= Green America =

US non-profit organization

Green America (known as Co-op America until January 1, 2009) is a nonprofit membership organization based in the United States that promotes environmentally aware, ethical consumerism. It was founded in 1982 by Paul Freundlich to help consumers find environmentally compliant companies in the marketplace. Green America provides businesses with the Green America Seal of Approval, after completing Green America's screening process and have been approved to be listed in their National Green Pages directory. The Green America Approved seal is given to applicant businesses that operate in ways that support workers, communities, and protect the environment.

==History==
Co-op America (now Green America) had its roots in the environmental and social justice movements of the '70s. Founder Paul Freundlich thought that there was a significant segment of Americans who had been changed by the culture of recent decades, yet had not found a way to express that in their lives. Some regional businesses had grown out of similar values, yet lacked access to a customer base sufficient for growth. Co-op America began as a collaborative marketplace, speaking to the shared interests of consumers and business, by a staff and an elected governance structure.
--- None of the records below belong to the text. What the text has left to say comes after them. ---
lemma odd_distinct_partitions_with_1:
  "{xs \<in> odd_distinct_partitions (Suc j) n. 1 \<in> set xs} =
    (if 1 \<le> n then (\<lambda>zs. zs @ [1]) ` {zs \<in> odd_distinct_partitions j (n - 1). 1 \<notin> set zs}
     else {})"
proof (intro equalityI subsetI)
  fix xs assume "xs \<in> {xs \<in> odd_distinct_partitions (Suc j) n. 1 \<in> set xs}"
  then have xs: "xs \<in> odd_distinct_partitions (Suc j) n" "1 \<in> set xs" by auto
  then have "xs = butlast xs @ [1]"
    by (intro sorted_ge_eq_butlast_snoc_min)
      (auto simp: odd_distinct_partitions_def partitions_of_def is_partition_def Suc_le_eq)
  with xs(1) snoc_1_in_odd_distinct_partitions[of "butlast xs"]
  show "xs \<in> (if 1 \<le> n
      then (\<lambda>zs. zs @ [1]) ` {zs \<in> odd_distinct_partitions j (n - 1). 1 \<notin> set zs} else {})"
    by (metis (mono_tags, lifting) image_eqI mem_Collect_eq)
next
  fix xs assume "xs \<in> (if 1 \<le> n
      then (\<lambda>zs. zs @ [1]) ` {zs \<in> odd_distinct_partitions j (n - 1). 1 \<notin> set zs} else {})"
  then show "xs \<in> {xs \<in> odd_distinct_partitions (Suc j) n. 1 \<in> set xs}"
    using snoc_1_in_odd_distinct_partitions by (auto split: if_splits)
qed

lemma card_odd_distinct_partitions_Suc:
  "card (odd_distinct_partitions (Suc j) n) =
    (if 2 * j + 2 \<le> n then card (odd_distinct_partitions (Suc j) (n - (2 * j + 2))) else 0)
    + (if 2 * j + 1 \<le> n then card (odd_distinct_partitions j (n - (2 * j + 1))) else 0)"
proof -
  let ?P = "odd_distinct_partitions (Suc j) n"
  have "card ?P = card {xs \<in> ?P. 1 \<notin> set xs} + card {xs \<in> ?P. 1 \<in> set xs}"
    by (subst card_Un_disjoint[symmetric])
      (auto simp: finite_odd_distinct_partitions intro: arg_cong[of _ _ card])
  also have "card {xs \<in> ?P. 1 \<notin> set xs} =
      (if 2 * j + 2 \<le> n then card (odd_distinct_partitions (Suc j) (n - (2 * j + 2))) else 0)"
    unfolding odd_distinct_partitions_without_1 by (simp add: card_image inj_on_def)
  also have "card {xs \<in> ?P. 1 \<in> set xs} =
      (if 1 \<le> n then card {zs \<in> odd_distinct_partitions j (n - 1). 1 \<notin> set zs} else 0)"
    unfolding odd_distinct_partitions_with_1 by (simp add: card_image inj_on_def)
  also have "\<dots> = (if 2 * j + 1 \<le> n then card (odd_distinct_partitions j (n - (2 * j + 1))) else 0)"
    unfolding odd_distinct_partitions_without_1
    by (cases "2 * j + 1 \<le> n") (auto simp: card_image inj_on_def diff_diff_add)
  finally show ?thesis .
qed

lemma odd_distinct_gf_0: "odd_distinct_gf 0 = 1"
proof -
  have "odd_distinct_partitions 0 n = (if n = 0 then {[]} else {})" for n
    by (auto simp: odd_distinct_partitions_def partitions_of_def is_partition_def)
  then show ?thesis
    by (simp add: odd_distinct_gf_def fps_eq_iff)
qed
lemma leaf_row_zero:
  assumes "l \<in> {2..n}" "x \<in> {1..n}" "x \<noteq> 1" "x \<noteq> l"
  shows "P l x = 0"
proof -
  have "(l, x) \<notin> star_edges n" using assms unfolding star_edges_def by auto
  then show ?thesis using assms conforms unfolding conforms_def by auto
qed

lemma sum_leaf_row:
  assumes "l \<in> {2..n}"
  shows "(\<Sum>x\<in>{1..n}. P l x * f x) = P l 1 * f 1 + P l l * f l"
proof -
  have "(\<Sum>x\<in>{1..n}. P l x * f x) = (\<Sum>x\<in>{1, l}. P l x * f x)"
    using assms leaf_row_zero[OF assms] by (intro sum.mono_neutral_right) auto
  then show ?thesis using assms by simp
qed

lemma leaf_row: "l \<in> {2..n} \<Longrightarrow> P l 1 + P l l = 1"
  using sum_leaf_row[of l "\<lambda>_. 1"] row_sum[of l] by simp

lemma hit_prob_Suc_leaf:
  assumes "l \<in> {2..n}"
  shows "hit_prob n P (Suc t) l j =
    P l 1 * (if j = 1 then 1 else hit_prob n P t 1 j) + P l l * (if j = l then 1 else hit_prob n P t l j)"
  using sum_leaf_row[OF assms] assms by (auto simp del: hit_prob.simps(1))

lemma hit_prob_leaf_le_hub:
  assumes "l \<in> {2..n}" "j \<in> {2..n}" "l \<noteq> j"
  shows "hit_prob n P (Suc t) l j \<le> hit_prob n P t 1 j"
proof (induction t)
  case 0
  then show ?case using hit_prob_Suc_leaf[OF assms(1), of 0 j] assms by simp
next
  case (Suc t)
  have "hit_prob n P (Suc (Suc t)) l j = P l 1 * hit_prob n P (Suc t) 1 j + P l l * hit_prob n P (Suc t) l j"
    using hit_prob_Suc_leaf[OF assms(1)] assms by simp
  also have "\<dots> \<le> P l 1 * hit_prob n P (Suc t) 1 j + P l l * hit_prob n P (Suc t) 1 j"
    using Suc hit_prob_mono[OF conforms, of 1 t j] nonneg[of l l] assms
    by (intro add_left_mono mult_left_mono) auto
  also have "\<dots> = hit_prob n P (Suc t) 1 j"
    using leaf_row[OF assms(1)] by algebra
  finally show ?case .
qed

lemma hub_rest_sum:
  assumes "j \<in> {2..n}"
  shows "(\<Sum>x\<in>{2..n} - {j}. P 1 x) = 1 - P 1 1 - P 1 j"
  using sum_split_hub[OF assms, of "P 1"] row_sum[of 1] assms by simp

lemma hit_prob_hub_Suc_Suc_le:
  assumes j: "j \<in> {2..n}"
  shows "hit_prob n P (Suc (Suc t)) 1 j \<le>
    P 1 1 * hit_prob n P (Suc t) 1 j + P 1 j + (1 - P 1 1 - P 1 j) * hit_prob n P t 1 j"
proof -
  have "(\<Sum>x\<in>{2..n} - {j}. P 1 x * hit_prob n P (Suc t) x j) \<le> (1 - P 1 1 - P 1 j) * hit_prob n P t 1 j"
    unfolding hub_rest_sum[OF j, symmetric] sum_distrib_right
    using hit_prob_leaf_le_hub[OF _ j] nonneg[of 1] j
    by (intro sum_mono mult_left_mono) auto
  then show ?thesis
    using hit_prob_Suc_hub[OF j, where t = "Suc t"] by simp
qed

lemma hit_prob_hub_le:
  assumes j: "j \<in> {2..n}" and rare: "P 1 j \<le> (1 - P 1 1) / (real n - 1)"
  shows "hit_prob n P t 1 j \<le> 1 - (1 - 1 / (real n - 1)) ^ (Suc t div 2)"
proof (induction t rule: induct_nat_012)
  case 0
  then show ?case by simp
next
  case 1
  have "hit_prob n P (Suc 0) 1 j = P 1 j"
    using hit_prob_Suc_hub[OF j, where t = 0] by simp
  also have "\<dots> \<le> 1 / (real n - 1)"
    using rare divide_right_mono[of "1 - P 1 1" 1 "real n - 1"] nonneg[of 1 1] j by auto
  finally show ?case by simp
next
  case (ge2 t)
  define r where "r = 1 - 1 / (real n - 1)"
  define a where "a = P 1 1"
  define p where "p = P 1 j"
  define R0 where "R0 = r ^ (Suc t div 2)"
  define R1 where "R1 = r ^ (Suc (Suc t) div 2)"
  have r: "0 \<le> r" "r \<le> 1" using j unfolding r_def by (auto simp: field_simps)
  have a: "0 \<le> a" using nonneg[of 1 1] j unfolding a_def by auto
  have rest: "0 \<le> 1 - a - p"
    unfolding a_def p_def hub_rest_sum[OF j, symmetric] using nonneg[of 1] j by (intro sum_nonneg) auto
  have "(1 - a) * r \<le> 1 - a - p"
    using rare j unfolding r_def a_def p_def by (simp add: field_simps)
  then have "(1 - a) * r * R0 \<le> (1 - a - p) * R0"
    using r unfolding R0_def by (intro mult_right_mono) auto
  moreover have "a * (r * R0) \<le> a * R1"
    using r a unfolding R0_def R1_def by (intro mult_left_mono) (simp_all add: power_decreasing flip: power_Suc)
  ultimately have bound: "1 - a * R1 - (1 - a - p) * R0 \<le> 1 - r * R0"
    by (simp add: algebra_simps)
  have "hit_prob n P (Suc (Suc t)) 1 j \<le> a * hit_prob n P (Suc t) 1 j + p + (1 - a - p) * hit_prob n P t 1 j"
    unfolding a_def p_def by (rule hit_prob_hub_Suc_Suc_le[OF j])
  also have "\<dots> \<le> a * (1 - R1) + p + (1 - a - p) * (1 - R0)"
    using ge2 a rest unfolding R0_def R1_def r_def
    by (intro add_mono mult_left_mono) auto
  also have "\<dots> = 1 - a * R1 - (1 - a - p) * R0"
    by (simp add: algebra_simps)
  also have "\<dots> \<le> 1 - r * R0" by (fact bound)
  finally show ?case unfolding R0_def r_def by simp
qed

lemma exists_rare_leaf:
  assumes "n \<ge> 2"
  shows "\<exists>j\<in>{2..n}. P 1 j \<le> (1 - P 1 1) / (real n - 1)"
proof -
  obtain j where j: "j \<in> {2..n}" and least: "\<And>x. x \<in> {2..n} \<Longrightarrow> P 1 j \<le> P 1 x"
    using ex_is_arg_min_if_finite[of "{2..n}" "P 1"] assms by (auto simp: is_arg_min_linorder)
  have "real (card {2..n}) * P 1 j \<le> (\<Sum>x\<in>{2..n}. P 1 x)"
    using least by (rule sum_bounded_below)
  also have "\<dots> = 1 - P 1 1"
    using row_sum[of 1] assms by (simp add: sum.atLeast_Suc_atMost numeral_2_eq_2)
  finally have "(real n - 1) * P 1 j \<le> 1 - P 1 1"
    using assms by (simp add: of_nat_diff)
  then show ?thesis
    using j assms by (intro bexI[of _ j]) (simp_all add: pos_le_divide_eq mult.commute)
qed

lemma min_hit_le:
  assumes "n \<ge> 3" "\<tau> \<ge> 1"
  shows "min_hit n P \<tau> \<le> 1 - (1 - 1 / (real n - 1)) ^ (\<tau> div 2)"
proof -
  obtain j where j: "j \<in> {2..n}" and rare: "P 1 j \<le> (1 - P 1 1) / (real n - 1)"
    using exists_rare_leaf assms by auto
  define l where "l = (if j = 2 then 3 else 2 :: nat)"
  have l: "l \<in> {2..n}" "l \<noteq> j" using assms unfolding l_def by auto
  obtain s where s: "\<tau> = Suc s" using assms by (cases \<tau>) auto
  have "min_hit n P (Suc s) \<le> hit_prob n P (Suc s) l j"
    using l j by (intro min_hit_le_hit_prob) auto
  also have "\<dots> \<le> hit_prob n P s 1 j"
    using hit_prob_leaf_le_hub l j by blast
  also have "\<dots> \<le> 1 - (1 - 1 / (real n - 1)) ^ (Suc s div 2)"
    using hit_prob_hub_le j rare by blast
  finally show ?thesis using s by simp
qed

end

lemma conforms_P_star:
  assumes "n \<ge> 2"
  shows "conforms n (star_edges n) (P_star n)"
proof -
  have rows: "(\<Sum>j\<in>{1..n}. P_star n i j) = 1" if "i \<in> {1..n}" for i
  proof (cases "i = 1")
    case True
    then show ?thesis
      using assms by (simp add: sum.atLeast_Suc_atMost numeral_2_eq_2 P_star_def of_nat_diff)
  qed (use that in \<open>simp add: P_star_def\<close>)
  show ?thesis
    unfolding conforms_def using rows by (intro conjI) (auto simp: star_edges_def P_star_def)
qed

lemma star_strategy_P_star: "n \<ge> 2 \<Longrightarrow> star_strategy n (P_star n)"
  by unfold_locales (rule conforms_P_star)

lemma hit_prob_P_star_Suc_leaf:
  assumes "l \<in> {2..n}"
  shows "hit_prob n (P_star n) (Suc t) l j = (if j = 1 then 1 else hit_prob n (P_star n) t 1 j)"
  using star_strategy.hit_prob_Suc_leaf[OF star_strategy_P_star, of n l t j] assms
  by (simp add: P_star_def)

lemma hit_prob_P_star_hub_hub:
  assumes "n \<ge> 2"
  shows "hit_prob n (P_star n) (Suc (Suc t)) 1 1 = 1"
proof -
  have "hit_prob n (P_star n) (Suc (Suc t)) 1 1 = (\<Sum>x\<in>{1..n}. P_star n 1 x)"
    using hit_prob_P_star_Suc_leaf by (auto intro!: sum.cong)
  also have "\<dots> = 1"
    using star_strategy.row_sum[OF star_strategy_P_star] assms by simp
  finally show ?thesis .
qed

lemma hit_prob_P_star_hub_leaf:
  assumes j: "j \<in> {2..n}"
  shows "hit_prob n (P_star n) t 1 j = 1 - (1 - 1 / (real n - 1)) ^ (Suc t div 2)"
proof (induction t rule: induct_nat_012)
  case 0
  then show ?case by simp
next
  case 1
  have "hit_prob n (P_star n) (Suc 0) 1 j = P_star n 1 j"
    using hit_prob_Suc_hub[OF j, of "P_star n" 0] by simp
  also have "\<dots> = 1 / (real n - 1)"
    using j by (simp add: P_star_def)
  finally show ?case by simp
next
  case (ge2 t)
  define q where "q = 1 / (real n - 1)"
  have hub_row: "P_star n 1 1 = 0" "x \<noteq> 1 \<Longrightarrow> P_star n 1 x = q" for x
    unfolding P_star_def q_def by simp_all
  have "hit_prob n (P_star n) (Suc (Suc t)) 1 j = q + (\<Sum>x\<in>{2..n} - {j}. q * hit_prob n (P_star n) t 1 j)"
    using hit_prob_Suc_hub[OF j, of "P_star n" "Suc t"] hub_row j
    by (simp add: hit_prob_P_star_Suc_leaf del: hit_prob.simps(2))
  also have "\<dots> = q + (1 - q) * hit_prob n (P_star n) t 1 j"
    using j unfolding q_def by (simp add: of_nat_diff field_simps)
  also have "\<dots> = q + (1 - q) * (1 - (1 - q) ^ (Suc t div 2))"
    using ge2(1) unfolding q_def by simp
  also have "\<dots> = 1 - (1 - q) ^ (Suc (Suc (Suc t)) div 2)"
    by (simp add: algebra_simps)
  finally show ?case unfolding q_def .
qed

lemma min_hit_P_star_ge:
  assumes "n \<ge> 3" "\<tau> \<ge> 2"
  shows "1 - (1 - 1 / (real n - 1)) ^ (\<tau> div 2) \<le> min_hit n (P_star n) \<tau>"
proof (rule le_min_hit)
  fix i j assume i: "i \<in> {1..n}" and j: "j \<in> {1..n}"
  define r where "r = 1 - 1 / (real n - 1)"
  have r: "0 \<le> r" "r \<le> 1" using assms unfolding r_def by (auto simp: field_simps)
  obtain s where s: "\<tau> = Suc (Suc s)" using assms by (metis add_2_eq_Suc le_Suc_ex)
  consider "j = 1" | "j \<in> {2..n}" "i = 1" | "j \<in> {2..n}" "i \<in> {2..n}"
    using i j by fastforce
  then show "1 - r ^ (\<tau> div 2) \<le> hit_prob n (P_star n) \<tau> i j"
  proof cases
    case 1
    then have "hit_prob n (P_star n) \<tau> i j = 1"
      using i s assms hit_prob_P_star_hub_hub hit_prob_P_star_Suc_leaf by (cases "i = 1") auto
    then show ?thesis using r by simp
  next
    case 2
    then show ?thesis
      using hit_prob_P_star_hub_leaf r unfolding r_def by (simp add: power_decreasing)
  next
    case 3
    then show ?thesis
      using hit_prob_P_star_hub_leaf hit_prob_P_star_Suc_leaf s unfolding r_def
      by (simp del: hit_prob.simps(2))
  qed
qed (use assms in simp)
text \<open>The formal functional equation \<open>R(X) = (1 + t X + X\<^sup>2) R(X\<^sup>2)\<close>: comparing coefficients,
  it is the pair of Stern recurrences.\<close>
lemma stern_tail_functional_equation: "stern_tail = stern_factor 0 * (stern_tail oo fps_X ^ 2)"
proof (rule fps_ext)
  fix n
  let ?S = "stern_tail oo fps_X ^ 2"
  show "stern_tail $ n = (stern_factor 0 * ?S) $ n"
  proof (cases "even n")
    case True
    then obtain m where n: "n = 2 * m" by blast
    have "stern_tail $ n = stern_poly (m + 1) + stern_poly m"
      using n stern_poly_double_Suc[of m] by (simp add: stern_tail_def)
    moreover have "?S $ n = stern_poly (m + 1)"
      using n by (simp add: fps_compose_X_squared_nth stern_tail_def)
    moreover have "n \<noteq> 0 \<Longrightarrow> ?S $ (n - 1) = 0"
      using n by (simp add: fps_compose_X_squared_nth)
    moreover have "(if n < 2 then 0 else ?S $ (n - 2)) = stern_poly m"
      using n by (cases m) (simp_all add: fps_compose_X_squared_nth stern_tail_def)
    ultimately show ?thesis
      by (simp add: stern_factor_0_mult_nth)
  next
    case False
    then obtain m where n: "n = 2 * m + 1" by (blast elim: oddE)
    have "stern_tail $ n = [:0, 1:] * stern_poly (m + 1)"
      using n stern_poly_double[of "m + 1"] by (simp add: stern_tail_def)
    moreover have "?S $ n = 0" "?S $ (n - 1) = stern_poly (m + 1)"
      using n by (simp_all add: fps_compose_X_squared_nth stern_tail_def)
    moreover have "\<not> n < 2 \<Longrightarrow> ?S $ (n - 2) = 0"
      using n by (simp add: fps_compose_X_squared_nth)
    ultimately show ?thesis
      using n by (simp add: stern_factor_0_mult_nth)
  qed
qed

lemma stern_tail_agrees_with_partial_product:
  "i < 2 ^ N \<Longrightarrow> stern_tail $ i = (\<Prod>k<N. stern_factor k) $ i"
proof (induction N arbitrary: i)
  case 0
  then show ?case by (simp add: stern_tail_def)
next
  case (Suc N)
  let ?D = "stern_tail - (\<Prod>k<N. stern_factor k)"
  have D_even: "(?D oo fps_X ^ 2) $ j = 0" if "j \<le> i" for j
    using Suc.IH[of "j div 2"] Suc.prems that by (auto simp: fps_compose_X_squared_nth)
  have "stern_tail - (\<Prod>k<Suc N. stern_factor k)
        = stern_factor 0 * (stern_tail oo fps_X ^ 2) - stern_factor 0 * ((\<Prod>k<N. stern_factor k) oo fps_X ^ 2)"
    by (subst (1) stern_tail_functional_equation) (simp only: stern_partial_product_Suc)
  also have "\<dots> = stern_factor 0 * (?D oo fps_X ^ 2)"
    by (simp add: fps_compose_sub_distrib right_diff_distrib)
  also have "\<dots> $ i = 0"
    unfolding fps_mult_nth by (intro sum.neutral) (simp add: D_even)
  finally show ?case by simp
qed

lemma stern_partial_products_tendsto:
  "(\<lambda>N. fps_X * (\<Prod>k<N. stern_factor k)) \<longlonglongrightarrow> Abs_fps (\<lambda>n. stern_poly n)"
proof (rule tendsto_fpsI)
  fix n
  have "(fps_X * (\<Prod>k<N. stern_factor k)) $ n = stern_poly n" if "N \<ge> n" for N
  proof -
    have "n - 1 < 2 ^ N"
      using that less_exp[of N] by linarith
    then show ?thesis
      using stern_tail_agrees_with_partial_product[of "n - 1" N]
      by (cases n) (simp_all add: stern_tail_def)
  qed
  then show "\<forall>\<^sub>F N in sequentially. (fps_X * (\<Prod>k<N. stern_factor k)) $ n = Abs_fps stern_poly $ n"
    by (intro eventually_sequentiallyI[of n]) simp
qed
Co-op America published a quarterly journal, Building Economic Alternatives, and a catalog of goods and services.

Co-op America received support from Consumers United's President, James P. Gibbons. The Co-op Catalog was developed and supervised by Denise Hamler, who joined the staff in 1982, and has continued to manage major programs including National Green Pages and Green Festivals. In 2016, Denise Hamler retired from Green America after 34 years.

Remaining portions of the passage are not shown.